::: DATA PROVIDED :::

lemma adversary_state_seed:
  assumes "adversary_state ds G S X"
  shows "adversary_state (ds @ [pair_item (seed_gadget S)]) (insert (seed_gadget S) G) (Suc S) X"
proof -
  let ?g = "seed_gadget S"
  from assms have wf: "well_formed S ds G" and witness: "optimum_witness S ds G"
    and hit: "nodes_hit ds G" and levels: "levels_supported ds G" and pot: "potential_bounded ds G S X"
    unfolding adversary_state_def by auto
  have "nodes_hit (ds @ [pair_item ?g]) ({?g} \<union> G)"
    using nodes_hit_append[OF hit order_refl] nodes_hit_pair_item[of ?g "[pair_item ?g]" ds]
    by (simp only: nodes_hit_Un) simp
  moreover have "levels_supported (ds @ [pair_item ?g]) (insert ?g G)"
    using levels_supported_append[OF levels order_refl, of "[pair_item ?g]"]
    by (simp add: levels_supported_def)
  ultimately show ?thesis
    using well_formed_seed[OF wf] optimum_witness_seed[OF witness] potential_bounded_seed[OF wf pot]
    by (simp add: adversary_state_def)
qed

lemma adversary_state_seeds: "\<exists>ds G. adversary_state ds G S 0"
proof (induction S)
  case 0
  have "adversary_state [] {} 0 0"
    by (simp add: adversary_state_def well_formed_def disjoint_family_on_def optimum_witness_def nodes_hit_def
        levels_supported_def potential_bounded_def potential_def nodes_Nil)
  then show ?case by blast
next
  case (Suc S)
  then show ?case using adversary_state_seed by blast
qed

lemma well_formed_close:
  assumes "well_formed S ds G" and "g \<in> G" and "x \<in> clauses g"
  shows "well_formed S (ds @ [({x}, {})]) (G - {g})"
  using assms unfolding well_formed_def by (auto intro: disjoint_family_on_mono)

lemma optimum_witness_close:
  assumes "optimum_witness S ds G" and "x \<in> clauses g"
  shows "optimum_witness S (ds @ [({x}, {})]) (G - {g})"
  unfolding optimum_witness_def
proof
  fix f
  let ?f = "f(g := x = left g)"
  obtain \<sigma> where \<sigma>: "length \<sigma> = length ds" "{..<2*S} - side ?f ` G \<subseteq> satisfied ds \<sigma>"
    using assms(1) unfolding optimum_witness_def by blast
  have "side ?f ` G \<subseteq> insert x (side f ` (G - {g}))"
    using assms(2) by (auto simp: side_def)
  then have "{..<2*S} - side f ` (G - {g}) \<subseteq> insert x ({..<2*S} - side ?f ` G)"
    by blast
  also have "\<dots> \<subseteq> satisfied (ds @ [({x}, {})]) (\<sigma> @ [True])"
    using \<sigma> by (auto simp: satisfied_append)
  finally have "{..<2*S} - side f ` (G - {g}) \<subseteq> satisfied (ds @ [({x}, {})]) (\<sigma> @ [True])" .
  then show "\<exists>\<sigma>'. length \<sigma>' = length (ds @ [({x}, {})]) \<and>
      {..<2*S} - side f ` (G - {g}) \<subseteq> satisfied (ds @ [({x}, {})]) \<sigma>'"
    using \<sigma>(1) by (intro exI[of _ "\<sigma> @ [True]"]) simp
qed

lemma potential_bounded_close:
  assumes wf: "well_formed S ds G" and g: "g \<in> G" "x \<in> clauses g"
    and pot: "potential_bounded ds G S X"
    and paid: "X \<le> X'" "(\<forall>a\<in>A ds. x \<in> satisfied ds a) \<or> X < X'"
  shows "potential_bounded (ds @ [({x}, {})]) (G - {g}) S X'"
  unfolding potential_bounded_def
proof
  fix a' assume "a' \<in> A (ds @ [({x}, {})])"
  then obtain a b where a: "a \<in> A ds" and "length b = 1" and
    sat: "satisfied (ds @ [({x}, {})]) a' = satisfied ds a \<union> satisfied [({x}, {})] b"
    by (elim node_append_cases) simp
  then obtain y where "b = [y]" by (metis One_nat_def length_0_conv length_Suc_conv)
  let ?C = "satisfied ds a" and ?Y = "if y then {x} else {}"
  have new: "satisfied (ds @ [({x}, {})]) a' = ?C \<union> ?Y" using sat \<open>b = [y]\<close> by simp
  have fin: "finite ?C" "finite G" using wf well_formed_satisfied[OF wf]
    by (auto simp: well_formed_def intro: finite_subset)
  have "\<forall>h\<in>G - {g}. clauses h \<inter> ?Y = {}"
    using wf g by (auto simp: well_formed_def dest: disjoint_family_onD)
  then have "(\<Sum>h\<in>G - {g}. gadget_credit k (?C \<union> ?Y) h) = (\<Sum>h\<in>G - {g}. gadget_credit k ?C h)"
    by (rule sum_gadget_credit_fresh)
  also have "\<dots> \<le> (\<Sum>h\<in>G. gadget_credit k ?C h)"
    using fin(2) g(1) by (intro sum_mono2) (auto simp: gadget_credit_nonneg)
  finally have credits: "(\<Sum>h\<in>G - {g}. gadget_credit k (?C \<union> ?Y) h) \<le> (\<Sum>h\<in>G. gadget_credit k ?C h)" .
  have "real (card (?C \<union> ?Y)) \<le> card ?C + (real X' - X)"
  proof (cases "x \<in> ?C \<or> \<not> y")
    case True
    then show ?thesis using paid(1) by (auto simp: insert_absorb)
  next
    case False
    then have "X < X'" using paid(2) a by blast
    with False fin(1) show ?thesis by simp
  qed
  with credits have "potential k (?C \<union> ?Y) (G - {g}) \<le> potential k ?C G + (real X' - X)"
    unfolding potential_def by linarith
  moreover have "potential k ?C G \<le> (1 + credit k 0) * S + X"
    using pot a by (simp add: potential_bounded_def)
  ultimately show "potential k (satisfied (ds @ [({x}, {})]) a') (G - {g}) \<le> (1 + credit k 0) * S + X'"
    unfolding new by linarith
qed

:::

> _DIRECTIONS_
Above are the records. Print exactly, and only, the lines from the line with "by (auto simp: well_formed_def intro: finite_subset)" to the line with "k ?C G \<le>", both inclusive.

> _EXERCISE RESULT_
    by (auto simp: well_formed_def intro: finite_subset)
  have "\<forall>h\<in>G - {g}. clauses h \<inter> ?Y = {}"
    using wf g by (auto simp: well_formed_def dest: disjoint_family_onD)
  then have "(\<Sum>h\<in>G - {g}. gadget_credit k (?C \<union> ?Y) h) = (\<Sum>h\<in>G - {g}. gadget_credit k ?C h)"
    by (rule sum_gadget_credit_fresh)
  also have "\<dots> \<le> (\<Sum>h\<in>G. gadget_credit k ?C h)"
    using fin(2) g(1) by (intro sum_mono2) (auto simp: gadget_credit_nonneg)
  finally have credits: "(\<Sum>h\<in>G - {g}. gadget_credit k (?C \<union> ?Y) h) \<le> (\<Sum>h\<in>G. gadget_credit k ?C h)" .
  have "real (card (?C \<union> ?Y)) \<le> card ?C + (real X' - X)"
  proof (cases "x \<in> ?C \<or> \<not> y")
    case True
    then show ?thesis using paid(1) by (auto simp: insert_absorb)
  next
    case False
    then have "X < X'" using paid(2) a by blast
    with False fin(1) show ?thesis by simp
  qed
  with credits have "potential k (?C \<union> ?Y) (G - {g}) \<le> potential k ?C G + (real X' - X)"
    unfolding potential_def by linarith
  moreover have "potential k ?C G \<le> (1 + credit k 0) * S + X"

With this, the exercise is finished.